Implementation The P-Reg tool executes in 3 Stages 1. Stage 0 – Environment check stage Here, the user can run tests to test different components of the pNFS system separately. For example, network bandwidth between any pair of machines or disk bandwidth of disks on storage servers. 2. Stage 1 – Regression Run stage In this stage, the user can choose and run different performance tests. 3. Stage 2 – Process and generate In this stage, the user can view summarized outputs of different runs and also compare different runs. The tool is built on a linux platform. Implementation details of the tool are summarized in table 3. Component

Tool used

Lines of Code

Graphical User Interface

Java Swings (ver 1.5.1)

4K

Performance Test Runner

BASH

1.5K

Database

MySQL Server MySql C API – C interface to Core JDBC sql connector – Java interface to core.

Core

C and JAVA 1.5 and above

2.5K

Plotting and summarized outputs

Gnuplot

2K

[Table 3: P-Reg Implementation details]

The different tools used to build P-Reg are •

IOzone [1] – A file system benchmark tool. The tool generates and measures various file operations.



Iperf [2] – A tool to measure network performance.



Hdparm[3] – A tool used to get/set ATA/SATA disk parameters.



Tcpdump[4] – A tool used to collect network traffic.



Ethereal/Wireshark[5] – A network protocol analyzer.



Tcptrace[6] – a tool used to analyze tcp traffic.



Sysstat[7] – A package of utilities used to monitor system performance and usage activity.



Strace[8] – A tool to trace system calls and signals called by a user process.



Distributed shell or dancer shell (dsh) [9] – A tool used to execue multiple remote shell commands.



Gnuplot [10] – data and function plotting utility.

5

Example Run In this section, we will go through how a user can use the tool by going through an example. A detailed description of how to use the tool can be found in the user manual available at https://bum.pdl.cmu.edu/~pubtwiki/cgi-bin/view/PNFS/User_manul On starting the tool, the user is provided with a GUI that allows him to either run a new performance regression using the customization wizard window (Figure 7) or view summarized outputs of previous runs using the Graph-Panel window (Figure 9).

5.1 Customization Wizard

Figure 7: Customization Window The configuration wizard can be used to configure the regression test that you want to run. The selections made on the configuration wizard will define what tests are run and what metrics are collected for a particular test. P-Reg executes in 3 stages, the environment check/diagnostic stage, the regression stage and the analysis/results stage. Using the configuration wizard, you can define the first two stages of P-Reg.

To run a regression, the user will need to specify a XML format configuration file that

describes the setup used for the test. A sample configuration file is shown in Figure 8. Detailed description on how to create a configuration file is provided in the user manual.
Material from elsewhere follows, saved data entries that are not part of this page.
(* For every $n$ with $2\le n\le\infty$, the identity $ytxsyx \approx ytxsxy$ is a finite identity basis for the $\sharp$-sylvester monoid $\mathrm{sylv}^\sharp_n$. Consequently, all $\sharp$-sylvester monoids of rank at least $2$ (including rank $\infty$) are equationally equivalent.
   Context: Let $\mathcal{A}=\{1<2<3<\cdots\}$, $\mathcal{A}_n=\{1<\cdots<n\}$, $\mathcal{A}_\infty=\mathcal{A}$. A left strict binary search tree is a labelled rooted binary tree (labels in $\mathcal{A}$) in which each node's label is $>$ every label in its left subtree and $\le$ every label in its right subtree. Inserting $a$ into such a tree $T$: if $T$ is empty, create a node labelled $a$; otherwise, with root label $x$, recursively insert $a$ into the left subtree if $a<x$ and into the right subtree otherwise. For $w=w_1\cdots w_k\in\mathcal{A}^*$, $\mathrm{P}^\sharp(w)$ is obtained from the empty tree by inserting $w_1,w_2,\dots,w_k$ in this order (reading left to right). The relation $u\equiv v\iff\mathrm{P}^\sharp(u)=\mathrm{P}^\sharp(v)$ is a congruence, and $\mathrm{sylv}^\sharp_n=\mathcal{A}_n^*/{\equiv}$. Identities: $\mathcal{X}$ is a countably infinite alphabet; an identity is $\mathbf{u}\approx\mathbf{v}$ with $\mathbf{u},\mathbf{v}\in\mathcal{X}^*$; a monoid $S$ satisfies it if $\varphi(\mathbf{u})=\varphi(\mathbf{v})$ for all maps $\varphi:\mathcal{X}\to S$ (extended to monoid homomorphisms). $\mathbf{u}\approx\mathbf{v}$ is derived from a set $\Sigma$ if there is a sequence $\mathbf{u}=\mathbf{u}_1,\dots,\mathbf{u}_m=\mathbf{v}$ with $\mathbf{u}_i=\mathbf{a}\varphi(\mathbf{p})\mathbf{b}$, $\mathbf{u}_{i+1}=\mathbf{a}\varphi(\mathbf{q})\mathbf{b}$ for some words $\mathbf{a},\mathbf{b}\in\mathcal{X}^*$, a monoid endomorphism $\varphi$ of $\mathcal{X}^*$ (letters may go to the empty word), and $\mathbf{p}\approx\mathbf{q}\in\Sigma$. A finite identity basis for $S$ is a finite set $\Sigma$ of identities satisfied by $S$ from which every identity satisfied by $S$ is derived. Two monoids are equationally equivalent if they satisfy the same identities. *)

theory Defs
  imports Main "HOL-Library.Extended_Nat"
begin
lemma avoiding_invariant:
  assumes "T \<subseteq> V"
  shows "card (avoiding T) > 0 \<and> (\<forall>v\<in>V. real (card (A v \<inter> avoiding T)) \<le> 2 * p * card (avoiding T))"
  using finite_subset[OF assms finite_V] assms
proof (induction T rule: finite_psubset_induct)
  case (psubset T)
  have IH: "card (avoiding T') > 0"
    "\<And>v. v \<in> V \<Longrightarrow> real (card (A v \<inter> avoiding T')) \<le> 2 * p * card (avoiding T')"
    if "T' \<subset> T" for T'
    using psubset.IH[OF that] that psubset.prems by auto
  have pos: "card (avoiding T) > 0"
  proof (cases "T = {}")
    case True
    thus ?thesis
      using finite_I by (auto simp: avoiding_def card_gt_0_iff)
  next
    case False
    then obtain w where w: "w \<in> T"
      by blast
    hence "T - {w} \<subset> T" "w \<in> V"
      using psubset.prems by auto
    hence "card (avoiding (insert w (T - {w}))) > 0"
      using IH by (intro card_avoiding_pos_step)
    moreover have "insert w (T - {w}) = T"
      using w by blast
    ultimately show ?thesis
      by simp
  qed
  moreover have "real (card (A v \<inter> avoiding T)) \<le> 2 * p * card (avoiding T)" if v: "v \<in> V" for v
  proof (rule card_A_Int_avoiding_step[OF v psubset.prems])
    fix w assume w: "w \<in> T \<inter> dependent v"
    hence "T - dependent v \<subset> T" "w \<in> V"
      unfolding dependent_def by auto
    thus "real (card (A w \<inter> avoiding (T - dependent v))) \<le> 2 * p * card (avoiding (T - dependent v))"
      by (rule IH(2))
  qed
  ultimately show ?case
    by blast
qed

theorem avoiding_all_nonempty: "Pow I - \<Union>(A ` V) \<noteq> {}"
proof -
  have "card (avoiding V) > 0"
    using avoiding_invariant[of V] by blast
  thus ?thesis
    unfolding avoiding_def by (simp add: card_gt_0_iff)
qed

end

text \<open>The vertices \<open>2 * i - 1\<close> and \<open>2 * i\<close> form the \<open>i\<close>-th pair. A set \<open>\<sigma>\<close> of pair indices
  selects the odd vertex of the pairs in \<open>\<sigma>\<close> and the even vertex of the others; \<open>pair_sign u\<close>
  is \<open>1\<close> on selected vertices and \<open>-1\<close> on the others.\<close>
definition pair_index :: "nat \<Rightarrow> nat" where
  "pair_index u = (u + 1) div 2"

definition pair_split :: "nat \<Rightarrow> nat set \<Rightarrow> nat set" where
  "pair_split n \<sigma> = {u\<in>{1..n}. odd u \<longleftrightarrow> pair_index u \<in> \<sigma>}"

definition pair_sign :: "nat \<Rightarrow> bool \<Rightarrow> real" where
  "pair_sign u b = (if odd u \<longleftrightarrow> b then 1 else -1)"

lemma abs_pair_sign [simp]: "\<bar>pair_sign u b\<bar> = 1"
  unfolding pair_sign_def by simp

lemma pair_index_fiber_subset: "{u. pair_index u = i} \<subseteq> {2 * i - 1, 2 * i}"
  unfolding pair_index_def by auto

lemma card_pair_index_fiber_le: "card {u\<in>N. pair_index u = i} \<le> 2"
proof -
  have "card {u\<in>N. pair_index u = i} \<le> card {2 * i - 1, 2 * i}"
    using pair_index_fiber_subset by (intro card_mono) auto
  also have "\<dots> \<le> 2"
    by (simp add: card_insert_if)
  finally show ?thesis .
qed

lemma pair_index_mem: "u \<in> {1..2 * m} \<Longrightarrow> pair_index u \<in> {1..m}"
  unfolding pair_index_def by auto

lemma card_pair_split:
  assumes "\<sigma> \<subseteq> {1..m}"
  shows "card (pair_split (2 * m) \<sigma>) = m"
proof -
  define f where "f i = (if i \<in> \<sigma> then 2 * i - 1 else 2 * i)" for i
  have "pair_split (2 * m) \<sigma> = f ` {1..m}"
  proof (intro equalityI subsetI)
    fix u assume u: "u \<in> pair_split (2 * m) \<sigma>"
    hence "pair_index u \<in> {1..m}" "u = f (pair_index u)"
      using pair_index_mem unfolding pair_split_def f_def pair_index_def by auto
    thus "u \<in> f ` {1..m}"
      by blast
  next
    fix u assume "u \<in> f ` {1..m}"
    then obtain i where "i \<in> {1..m}" "u = f i"
      by blast
    thus "u \<in> pair_split (2 * m) \<sigma>"
      unfolding pair_split_def f_def pair_index_def by auto
  qed
  moreover have "inj_on f {1..m}"
    unfolding f_def by (rule inj_onI) (auto split: if_splits)
  ultimately show ?thesis
    by (simp add: card_image)
qed

lemma sum_pair_sign_eq:
  assumes "finite N" and "N \<subseteq> {1..n}"
  shows "(\<Sum>u\<in>N. pair_sign u (pair_index u \<in> \<sigma>)) = 2 * card (N \<inter> pair_split n \<sigma>) - real (card N)"
proof -
  have "(\<Sum>u\<in>N. pair_sign u (pair_index u \<in> \<sigma>)) = (\<Sum>u\<in>N. if u \<in> pair_split n \<sigma> then 1 else -1)"
    using assms(2) by (intro sum.cong) (auto simp: pair_sign_def pair_split_def)
  also have "\<dots> = real (card (N \<inter> pair_split n \<sigma>)) - card (N - pair_split n \<sigma>)"
    using assms(1) by (simp add: sum.If_cases Diff_eq)
  also have "card (N - pair_split n \<sigma>) = card N - card (N \<inter> pair_split n \<sigma>)"
    using assms(1) by (simp add: card_Diff_subset_Int Diff_Int2 card_Diff_subset)
  finally show ?thesis
    using card_mono[OF assms(1), of "N \<inter> pair_split n \<sigma>"] by (simp add: of_nat_diff)
qed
Figure 8: Sample Config File The configuration file is a XML format file that describes the setup used for the test. The user needs to specify information about clients, data servers and the NFS server in this file.

Once the user specifies the required information, he can click “Run” to initiate the test. On doing so, the system performs the following steps. 1. The GUI takes the inputs from the user and forwards them to the core process. 2. The core then saves information about the run in the database and, depending on the inputs, invokes the performance test runner to run the specified tests. 3. After the performance test runner completes running the tests, the core extracts the data and saves it in the database. 4. On completion, control is returned back to the user, after which he can either run another test or view the results of the tests.

5.2 Graph-Panel

Figure 9: Graph Panel Window Through this panel the user can view summarized outputs of a run or compare the output of two different runs by checking the appropriate option. On clicking “Go” the user will be able to choose the summarized output he wishes to view. The outputs available depends on the runs that were selected while customizing the run.

A User can view summarized outputs of different runs or compare 2 different runs, by using the Graph-Panel window. A Sample summarized outputs is shown below.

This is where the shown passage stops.